L’assistenza sanitaria sul territorio lombardo è garantita gratuitamente a tutti i cittadini provenienti dall’Ucraina e in fuga dalla guerra, che abbiano necessità sanitarie per patologie acute o croniche. Ad oggi (dato regionale) le persone ospitate in Covid hotel in quanto positive al SarsCov2 sono dieci, di cui quattro minori. Come avviene nel resto del Paese, i profughi possono accedere a tutti i servizi erogati dal Servizio sanitario nazionale, incluse visite e cure specialistiche, come quelle dedicate ai malati oncologici. Le donne in gravidanza e i minori vengono iscritti al Servizio sanitario; agli altri, al momento, viene rilasciato un codice Stp (straniero temporaneamente presente) che garantisce l’accesso alle prestazioni.
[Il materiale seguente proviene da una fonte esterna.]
lemma incident_ea_iff: "incident ends ea x \<longleftrightarrow> x = v \<or> x = a"
  using ea edge_ends[OF ea(1)] a_notin unfolding incident_def by auto

lemma incident_eb_iff: "incident ends eb x \<longleftrightarrow> x = v \<or> x = b"
  using eb edge_ends[OF eb(1)] b_notin unfolding incident_def by auto

lemma tail_head_of_edge:
  assumes "e \<in> E"
  shows "tail D ends e \<in> V" "head D ends e \<in> V" "tail D ends e \<noteq> head D ends e"
  using edge_ends[OF assms] tail_in_ends[of D ends e] head_in_ends[of D ends e]
    tail_ne_head[of ends e D] by auto

lemma a_in_V: "a \<in> V" and b_in_V: "b \<in> V"
  using ea eb edge_ends unfolding incident_def by auto

lemma finite_edge_classes:
  "finite E_uv" "finite E_u" "finite E_v" "finite E_far" "finite star_edges"
  using finite_E unfolding E_uv_def E_u_def E_v_def E_far_def star_edges_def by auto

lemma star_edges_subset: "star_edges \<subseteq> E"
  unfolding star_edges_def E_uv_def E_u_def E_v_def by auto

lemma edge_classes_disjoint:
  "E_uv \<inter> E_u = {}" "E_uv \<inter> E_v = {}" "E_far \<inter> ({ea, eb} \<union> star_edges) = {}"
  "{ea, eb} \<inter> star_edges = {}"
  using incident_ea_iff incident_eb_iff u_ne_v a_notin b_notin
  unfolding E_uv_def E_u_def E_v_def E_far_def star_edges_def by auto

lemma E_decomposition: "E = E_far \<union> ({ea, eb} \<union> star_edges)"
  using ea(1) eb(1) unfolding E_far_def star_edges_def E_uv_def E_u_def E_v_def by auto

lemma star_edges_at_u: "{e\<in>star_edges. incident ends e u} = E_uv \<union> E_u"
  unfolding star_edges_def E_uv_def E_u_def E_v_def by auto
L’Organizzazione mondiale della Sanità, esprimendosi proprio sulle priorità per la sanità pubblica nell’aggiornamento sull’emergenza in Ucraina del 17 marzo, individua tre elementi. La gestione delle ferite o traumi legati al conflitto, esigenze sanitarie materno-infantili (assistenza alle donne in gravidanza o che hanno partorito da poco, problemi sanitari di neonati e bambini). Infine indica le criticità connesse alla sicurezza alimentare e alle carenze nutritive derivanti dal non aver avuto accesso da diversi giorni ad acqua potabile e cibo.

Tempestività

In un articolo pubblicato venerdì scorso sulla rivista scientifica Lancet dalla Società italiana di Medicina delle Migrazioni si raccomanda che «un’assistenza sanitaria tempestiva e adeguata per i rifugiati ucraini in tutti i Paesi europei di accoglienza dovrebbe considerare le problematiche di salute pubblica prebellica, in modo da identificare azioni prioritarie per affrontarle e garantire la continuità delle cure all’interno dei Paesi».
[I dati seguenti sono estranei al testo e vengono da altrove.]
(* For every set $\mathcal{E}\subseteq\Lambda_s$ of simple terms, the following are equivalent: (1) $\mathcal{E}$ is a maximal clique (with respect to the coherence relation $\frown$) having finite height; (2) there exists a $\lambda$-term $M\in\Lambda$ such that $\mathcal{E}=\mathcal{T}(M)$.
   Context: Call-by-value resource calculus. Resource values $u,v::=x\mid \lambda x.t$; simple terms $s,t::= st\mid [v_1,\dots,v_k]$ ($k\ge0$, bags are finite multisets); resource terms $e::=v\mid s$. $\Lambda_s$ is the set of simple terms, $\Lambda_r$ the set of resource terms. Height: $\mathrm{ht}(x)=0$, $\mathrm{ht}(\lambda x.t)=\mathrm{ht}(t)+1$, $\mathrm{ht}(st)=\max\{\mathrm{ht}(s),\mathrm{ht}(t)\}+1$, $\mathrm{ht}([v_1,\dots,v_k])=\max\{\mathrm{ht}(v_i)\}+1$. The height of a non-empty set of resource terms is the maximal height of its elements if it exists (the set then has finite height), and $\aleph_0$ otherwise. The coherence relation $\frown\subseteq\Lambda_r\times\Lambda_r$ is the smallest relation such that: $x\frown x$; $\lambda x.s\frown\lambda x.t$ whenever $s\frown t$; $[v_1,\dots,v_k]\frown[v_{k+1},\dots,v_n]$ whenever $v_i\frown v_j$ for all $i,j\le n$; $s_1t_1\frown s_2t_2$ whenever $s_1\frown s_2$ and $t_1\frown t_2$. A set $\mathcal{E}\subseteq\Lambda_r$ is a clique if $e\frown e'$ for all $e,e'\in\mathcal{E}$, and a clique is maximal if for every $e\in\Lambda_r$, $\mathcal{E}\cup\{e\}$ being a clique entails $e\in\mathcal{E}$. The (call-by-value) Taylor expansion $\mathcal{T}(M)\subseteq\Lambda_s$ of a $\lambda$-term is defined by $\mathcal{T}(x)=\{[x^n]\mid n\ge0\}$ (where $[x^n]$ is the bag with $n$ copies of $x$), $\mathcal{T}(\lambda x.N)=\{[\lambda x.t_1,\dots,\lambda x.t_n]\mid n\ge0,\ t_i\in\mathcal{T}(N)\}$, $\mathcal{T}(PQ)=\{st\mid s\in\mathcal{T}(P),t\in\mathcal{T}(Q)\}$. *)

theory Defs
  imports "HOL-Library.Multiset"
begin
Che fare? «Sviluppare un sistema di sorveglianza delle sindromi per valutare tutti i bisogni sanitari, compresi quelli delle malattie non trasmissibili e della salute mentale; rafforzare le vaccinazioni, garantendo la protezione da Covid-19; facilitare il contenimento delle epidemie di poliomielite e morbillo e promuovere un’adeguata copertura vaccinale per età garantire un continuum delle cure per le malattie non trasmissibili e le malattie infettive croniche ; tutelare la salute mentale con un’adeguata mediazione linguistica e culturale, incoraggiando il ricongiungimento familiare dei rifugiati quando le condizioni della guerra e degli spostamenti lo rendono attuabile.

Ancora: rafforzare i sistemi di informazione sanitaria europei per i profughi ucraini, anche tramite strumenti digitali, per facilitare la gestione delle malattie croniche e la continuità assistenziale transfrontaliera».